New (old) forms of water and the scientific method

We’re used to dealing with normal everyday water (H2O). And when we freeze it we get ice. But there are interesting unusual versions of ice. We’re used to the normal version of ice that melts at 0 °C. But there are others. There’s even the horrifying (and fictional) ice-nine.

But what about different versions of water? It turns out that around 1970 the Soviets and the US were working on a new version of water: polywater. They had managed to condense a version of water that looked oily, froze at -40 °C, boiled at 150 °C, and was denser than normal water. More and more scientists got in on making this, and there was a real worry that the US was falling behind the Soviets in learning about polywater.
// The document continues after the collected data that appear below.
lemma greedy_path_Cons:
  assumes "greedy_path d E ys v w" "(u, v) \<in> E" "d v w < d u w"
  shows "greedy_path d E (u # ys) u w"
proof -
  have "ys \<noteq> []" "ys ! 0 = v"
    using assms(1) unfolding greedy_path_def by (auto simp: hd_conv_nth)
  then show ?thesis
    using assms unfolding greedy_path_def by (auto simp: nth_Cons split: nat.split)
qed

lemma greedy_path_first_edge:
  assumes "greedy_path d E xs u w" "u \<noteq> w"
  shows "\<exists>v. (u, v) \<in> E \<and> d v w < d u w"
proof -
  from assms obtain x xs' where xs: "xs = u # x # xs'"
    unfolding greedy_path_def by (cases xs; cases "tl xs") auto
  with assms(1) show ?thesis unfolding greedy_path_def by fastforce
qed

lemma greedy_path_exists:
  assumes "finite P" "w \<in> P" "u \<in> P"
    and descent: "\<And>x. x \<in> P \<Longrightarrow> x \<noteq> w \<Longrightarrow> \<exists>v\<in>P. (x, v) \<in> E \<and> d v w < d x w"
  shows "\<exists>xs. greedy_path d E xs u w"
  using \<open>u \<in> P\<close>
proof (induction "card {x\<in>P. d x w < d u w}" arbitrary: u rule: less_induct)
  case less
  show ?case
  proof (cases "u = w")
    case True
    then show ?thesis by (intro exI[of _ "[w]"]) (simp add: greedy_path_def)
  next
    case False
    with descent less.prems obtain v where v: "v \<in> P" "(u, v) \<in> E" "d v w < d u w" by blast
    then have "{x\<in>P. d x w < d v w} \<subset> {x\<in>P. d x w < d u w}" by auto
    then have "card {x\<in>P. d x w < d v w} < card {x\<in>P. d x w < d u w}"
      using \<open>finite P\<close> by (simp add: psubset_card_mono)
    with less.hyps v obtain ys where "greedy_path d E ys v w" by blast
    with v show ?thesis by (blast intro: greedy_path_Cons)
  qed
qed

lemma greedy_connected_imp_locally_greedy:
  assumes "valid_profile P s" "greedy_connected P d (edges P s) u"
  shows "locally_greedy P d u (s u)"
  unfolding locally_greedy_def
proof
  fix w assume w: "w \<in> P - {u}"
  with assms(2) obtain xs where "greedy_path d (edges P s) xs u w"
    unfolding greedy_connected_def by blast
  moreover from w have "u \<noteq> w" by blast
  ultimately obtain v where "(u, v) \<in> edges P s" "d v w < d u w"
    by (blast dest: greedy_path_first_edge)
  then show "\<exists>v. (u, v) \<in> s u \<and> d v w < d u w"
    using edges_owned(1)[OF assms(1)] by blast
qed

lemma locally_greedy_imp_greedy_connected:
  assumes "finite P" "valid_profile P s" "\<forall>x\<in>P. locally_greedy P d x (s x)" "u \<in> P"
  shows "greedy_connected P d (edges P s) u"
  unfolding greedy_connected_def
proof
  fix w assume "w \<in> P - {u}"
  then have "w \<in> P" by blast
  have descent: "\<exists>v\<in>P. (x, v) \<in> edges P s \<and> d v w < d x w" if "x \<in> P" "x \<noteq> w" for x
  proof -
    from assms(3) that \<open>w \<in> P\<close> obtain v where "(x, v) \<in> s x" "d v w < d x w"
      unfolding locally_greedy_def by blast
    moreover from this \<open>x \<in> P\<close> have "(x, v) \<in> edges P s" unfolding edges_def by blast
    ultimately show ?thesis using edges_owned(2)[OF assms(2)] by blast
  qed
  show "\<exists>xs. greedy_path d (edges P s) xs u w"
    using greedy_path_exists[where d = d, OF assms(1) \<open>w \<in> P\<close> assms(4) descent] .
qed

lemma out_star_greedy_connected:
  assumes "metric_on P d" "u \<in> P" "out_star P u \<subseteq> E"
  shows "greedy_connected P d E u"
  unfolding greedy_connected_def
proof
  fix w assume w: "w \<in> P - {u}"
  with assms have "greedy_path d E [u, w] u w"
    using metric_on_dist_less[OF assms(1)] by (auto simp: greedy_path_def out_star_def)
  then show "\<exists>xs. greedy_path d E xs u w" ..
qed

lemma min_out_degree_le:
  assumes "S \<in> strategies P u" "locally_greedy P d u S"
  shows "min_out_degree P d u \<le> card S"
  unfolding min_out_degree_def using assms by (blast intro: Least_le)

lemma min_out_degree_attained:
  assumes "metric_on P d" "u \<in> P"
  shows "\<exists>S\<in>strategies P u. locally_greedy P d u S \<and> card S = min_out_degree P d u"
proof -
  have "locally_greedy P d u (out_star P u)"
    unfolding locally_greedy_def
  proof
    fix w assume w: "w \<in> P - {u}"
    then have "(u, w) \<in> out_star P u" by (auto simp: out_star_def)
    moreover have "d w w < d u w" using w by (intro metric_on_dist_less[OF assms]) auto
    ultimately show "\<exists>v. (u, v) \<in> out_star P u \<and> d v w < d u w" by blast
  qed
  then have "\<exists>k. \<exists>S\<in>strategies P u. locally_greedy P d u S \<and> card S = k"
    using out_star_in_strategies by (intro exI bexI[of _ "out_star P u"]) simp_all
  then show ?thesis
    unfolding min_out_degree_def by (rule LeastI_ex)
qed

lemma agent_cost_ge_min_out_degree:
  assumes "valid_profile P s" "u \<in> P"
  shows "enat (min_out_degree P d u) \<le> agent_cost P d s u"
proof (cases "greedy_connected P d (edges P s) u")
  case True
  have "s u \<in> strategies P u" using assms unfolding valid_profile_def by blast
  then have "min_out_degree P d u \<le> card (s u)"
    using greedy_connected_imp_locally_greedy[OF assms(1) True] by (rule min_out_degree_le)
  with True show ?thesis by (simp add: agent_cost_def)
qed (simp add: agent_cost_def)

lemma agent_cost_locally_greedy:
  assumes "finite P" "valid_profile P s" "\<forall>x\<in>P. locally_greedy P d x (s x)" "u \<in> P"
  shows "agent_cost P d s u = enat (card (s u))"
  using locally_greedy_imp_greedy_connected[OF assms] unfolding agent_cost_def by simp

lemma minimal_cost_profile_exists:
  assumes "finite P" "metric_on P d"
  shows "\<exists>t. valid_profile P t \<and> minimal_cost_profile P d t"
proof -
  obtain t where t: "\<And>u. u \<in> P \<Longrightarrow>
      t u \<in> strategies P u \<and> locally_greedy P d u (t u) \<and> card (t u) = min_out_degree P d u"
    using min_out_degree_attained[OF assms(2)] by metis
  then have "valid_profile P t" unfolding valid_profile_def by blast
  with t show ?thesis
    using agent_cost_locally_greedy[OF assms(1)] unfolding minimal_cost_profile_def by metis
qed

lemma sum_enat_mono_inv:
  fixes f :: "'i \<Rightarrow> nat" and g :: "'i \<Rightarrow> enat"
  assumes "finite A" and le: "\<And>j. j \<in> A \<Longrightarrow> enat (f j) \<le> g j"
    and "sum g A \<le> enat (sum f A)" and "i \<in> A"
  shows "g i = enat (f i)"
proof -
  define h where "h j = the_enat (g j)" for j
  have g_eq_h: "g j = enat (h j)" if "j \<in> A" for j
  proof -
    have "g j \<le> sum g A" using that \<open>finite A\<close> by (intro member_le_sum) auto
    then have "g j \<le> enat (sum f A)" using assms(3) by (rule order_trans)
    then show ?thesis unfolding h_def by (cases "g j") auto
  qed
  have f_le_h: "f j \<le> h j" if "j \<in> A" for j
    using le[OF that] g_eq_h[OF that] by simp
  have "sum g A = enat (sum h A)"
    using g_eq_h by (simp add: of_nat_eq_enat[symmetric])
  with assms(3) have "sum h A \<le> sum f A" by simp
  moreover have "sum f A \<le> sum h A" using f_le_h by (rule sum_mono)
  ultimately have "sum f A = sum h A" by simp
  then have "f i = h i" using f_le_h \<open>i \<in> A\<close> \<open>finite A\<close> by (rule sum_mono_inv)
  with g_eq_h[OF \<open>i \<in> A\<close>] show ?thesis by simp
qed

lemma nash_equilibrium_greedy_connected:
  assumes "metric_on P d" "nash_equilibrium P d s" "u \<in> P"
  shows "greedy_connected P d (edges P s) u"
proof -
  have "greedy_connected P d (edges P (s(u := out_star P u))) u"
    using assms(3) by (intro out_star_greedy_connected[OF assms(1,3)]) (auto simp: edges_def)
  then have "agent_cost P d (s(u := out_star P u)) u \<noteq> \<infinity>" by (simp add: agent_cost_def)
  moreover have "agent_cost P d s u \<le> agent_cost P d (s(u := out_star P u)) u"
    using assms(2,3) out_star_in_strategies[of P u] unfolding nash_equilibrium_def by blast
  ultimately have "agent_cost P d s u \<noteq> \<infinity>" by (metis enat_ord_simps(5) top.extremum_uniqueI)
  then show ?thesis by (simp add: agent_cost_def split: if_splits)
qed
The only problem was all the scientists were wrong. It turns out that all of the polywater made was contaminated. By sweat. It was just sweaty water. While various scientists were analyzing the stuff, they came up with various theories on what it was and why it behaved the way it did. These theories were quickly tossed aside and other theories proposed. This is how science works. And when someone realize that due to the small sample sizes, everyone had made a similar mistake that gave them a contaminated sample, the whole thing was tossed.
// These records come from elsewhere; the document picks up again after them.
lemma double_star_half_line:
  assumes h: "antimono_on {0<..} h" and t: "t > 0"
  shows "double_star half_line h t = hardy_op h t"
proof -
  have "(\<integral>\<^sup>+s \<in> {0<..<t}. rearrangement half_line h s \<partial>lborel) = (\<integral>\<^sup>+s \<in> {0<..<t}. h s \<partial>lborel)"
  proof (rule antisym)
    show "(\<integral>\<^sup>+s \<in> {0<..<t}. rearrangement half_line h s \<partial>lborel) \<le> (\<integral>\<^sup>+s \<in> {0<..<t}. h s \<partial>lborel)"
      by (intro nn_integral_mono) (auto simp: indicator_def intro: rearrangement_half_line_le[OF h])
  next
    show "(\<integral>\<^sup>+s \<in> {0<..<t}. h s \<partial>lborel) \<le> (\<integral>\<^sup>+s \<in> {0<..<t}. rearrangement half_line h s \<partial>lborel)"
    proof (rule ennreal_le_of_scaled_le)
      fix c :: real assume c: "c > 1"
      have "ennreal (1 / c) * (\<integral>\<^sup>+s \<in> {0<..<t}. h s \<partial>lborel)
          \<le> ennreal (1 / c) * (\<integral>\<^sup>+s \<in> {0<..<t * c}. h s \<partial>lborel)"
        using t c less_trans[of _ t "t * c"]
        by (intro mult_left_mono nn_integral_mono) (auto simp: indicator_def)
      also have "\<dots> = (\<integral>\<^sup>+v \<in> {0<..<t}. h (c * v) \<partial>lborel)"
        using c by (simp add: nn_integral_interval_dilation[OF h])
      also have "\<dots> \<le> (\<integral>\<^sup>+s \<in> {0<..<t}. rearrangement half_line h s \<partial>lborel)"
        using c by (intro nn_integral_mono)
          (auto simp: indicator_def intro!: rearrangement_half_line_ge[OF h])
      finally show "ennreal (1 / c) * (\<integral>\<^sup>+s \<in> {0<..<t}. h s \<partial>lborel)
          \<le> (\<integral>\<^sup>+s \<in> {0<..<t}. rearrangement half_line h s \<partial>lborel)" .
    qed
  qed
  then show ?thesis
    by (simp add: double_star_def hardy_op_def)
qed

theorem mainTheorem2:
  fixes p0 p1 :: ereal and \<phi> :: "real \<Rightarrow> real" and M :: "'a measure"
    and f :: "'a \<Rightarrow> real" and t :: real
  assumes "1 \<le> p0" and "1 \<le> p1"
    and "admissible \<phi>"
    and "f \<in> borel_measurable M"
    and "t > 0"
  shows "double_star half_line (R_op p0 p1 \<phi> (rearrangement M (\<lambda>x. ennreal \<bar>f x\<bar>))) t
         = R_op p0 p1 \<phi> (double_star M (\<lambda>x. ennreal \<bar>f x\<bar>)) t"
proof -
  have \<phi>: "continuous_on {1..} \<phi>" "\<And>x. 1 \<le> x \<Longrightarrow> 0 \<le> \<phi> x"
    using \<open>admissible \<phi>\<close> unfolding admissible_def
    by (metis DERIV_continuous_on atLeast_iff, fastforce)
  define g where "g = rearrangement M (\<lambda>x. ennreal \<bar>f x\<bar>)"
  define k where "k = R_kernel p0 p1 \<phi>"
  have g: "antimono_on {0<..} g"
    unfolding g_def using antimono_rearrangement by (auto simp: monotone_on_def antimono_def)
  have k: "k \<in> borel_measurable borel" "\<And>u. u \<le> 0 \<Longrightarrow> k u = 0"
    unfolding k_def using borel_measurable_R_kernel[OF \<phi>(1)] R_kernel_nonpos by auto
  have R_g: "R_op p0 p1 \<phi> g s = mellin_conv k g s" if "s > 0" for s
    unfolding k_def using R_op_eq_mellin_conv[OF \<phi> g that] .
  have "antimono_on {0<..} (R_op p0 p1 \<phi> g)"
    using mellin_conv_antimono[OF k(2) g] by (simp add: monotone_on_def R_g)
  then have "double_star half_line (R_op p0 p1 \<phi> g) t = hardy_op (R_op p0 p1 \<phi> g) t"
    using \<open>t > 0\<close> by (rule double_star_half_line)
  also have "\<dots> = hardy_op (mellin_conv k g) t"
    by (rule hardy_op_cong) (simp add: R_g)
  also have "\<dots> = mellin_conv k (hardy_op g) t"
    using k g \<open>t > 0\<close> by (rule hardy_op_mellin_conv)
  also have "\<dots> = R_op p0 p1 \<phi> (hardy_op g) t"
    unfolding k_def using R_op_eq_mellin_conv[OF \<phi> hardy_op_antimono[OF g] \<open>t > 0\<close>] ..
  finally show ?thesis
    unfolding g_def double_star_eq_hardy_op .
qed

end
There have been other, more popular, cases where a scientific claim is made and it lives for a while before being discredited: cold fusion, faster than light neutrinos. This kind of science, where the hope for fame may be ahead of rigorous science, is sometimes called pathological science.
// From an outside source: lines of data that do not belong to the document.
lemma comm_offdiag_bound:
  assumes i: "i < d" and j: "j < d" and ij: "i \<noteq> j" and x: "x \<in> PV"
  shows "cmod (comm i j f x) \<le> (1 + 2 / a) / (real (lev x) + a) * (\<Sum>t\<in>nbhd i j x. cmod (f t))"
proof (cases "x \<in> nonroot j")
  case True
  define px where "px = par j x"
  define \<delta> where "\<delta> = (1 + 2 / a) / (real (lev x) + a)"
  have pxV: "px \<in> PV" using par_in[OF j True] by (simp add: px_def)
  have "cmod (comm i j f x) \<le>
      (\<Sum>y\<in>ch i (x i). cmod ((lam i x * lam j (px(i := y)) - lam j px * lam i px) * f (px(i := y))))"
    using comm_offdiag_apply[OF i j ij x, of f] True by (simp add: norm_sum px_def)
  also have "\<dots> \<le> (\<Sum>y\<in>ch i (x i). \<delta> * cmod (f (px(i := y))))"
  proof (intro sum_mono)
    fix y assume "y \<in> ch i (x i)"
    then have "cmod (lam i x * lam j (px(i := y)) - lam j px * lam i px) \<le> \<delta>"
      using weight_commutator_le[OF i j ij True] unfolding \<delta>_def px_def by blast
    then show "cmod ((lam i x * lam j (px(i := y)) - lam j px * lam i px) * f (px(i := y))) \<le>
        \<delta> * cmod (f (px(i := y)))"
      by (simp add: norm_mult mult_right_mono)
  qed
  also have "\<dots> = \<delta> * (\<Sum>t\<in>Chi i px. cmod (f t))"
    using commuting_square(7)[OF i j ij True] sum_prod_Chi[OF i pxV, of "\<lambda>t. cmod (f t)"] ij
    by (simp add: sum_distrib_left px_def par_def)
  also have "\<dots> \<le> \<delta> * (\<Sum>t\<in>nbhd i j x. cmod (f t))"
    using True finite_prod_Chi[OF i pxV] a_pos
    by (intro mult_left_mono sum_mono2) (auto simp: nbhd_def px_def \<delta>_def)
  finally show ?thesis by (simp add: \<delta>_def)
next
  case False
  have "0 \<le> (1 + 2 / a) / (real (lev x) + a) * (\<Sum>t\<in>nbhd i j x. cmod (f t))"
    using a_pos by (simp add: sum_nonneg)
  then show ?thesis using False by (simp add: comm_offdiag_apply[OF i j ij x])
qed

lemma nbhd_finite_card:
  assumes i: "i < d" and j: "j < d" and x: "x \<in> PV" and K: "\<forall>u\<in>Vt i. card (ch i u) \<le> K"
  shows "finite (nbhd i j x) \<and> nbhd i j x \<subseteq> PV \<and> card (nbhd i j x) \<le> K + 1"
proof (cases "x \<in> nonroot j")
  case True
  then have "par j x \<in> PV" by (rule par_in[OF j])
  then have "finite (Chi i (par j x))" "card (Chi i (par j x)) \<le> K"
    using finite_prod_Chi[OF i] card_prod_Chi[OF i] K prod_V_component[OF _ i] by auto
  then show ?thesis
    using True x prod_Chi_subset[of i "par j x"] by (auto simp: nbhd_def card_insert_if)
qed (use x in \<open>auto simp: nbhd_def\<close>)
I think the one with the faster than light neutrinos doesn’t belong in this list though. The scientists involved got results that even they thought were wrong. They just didn’t know why, and were asking other scientists to vet their work and tell them where they were wrong (a sensor was installed wrong). They didn’t mean for the public to read about it. But when others published about it, the writers made it seem that they thought they had proven Einstein wrong, which wasn’t what was going on.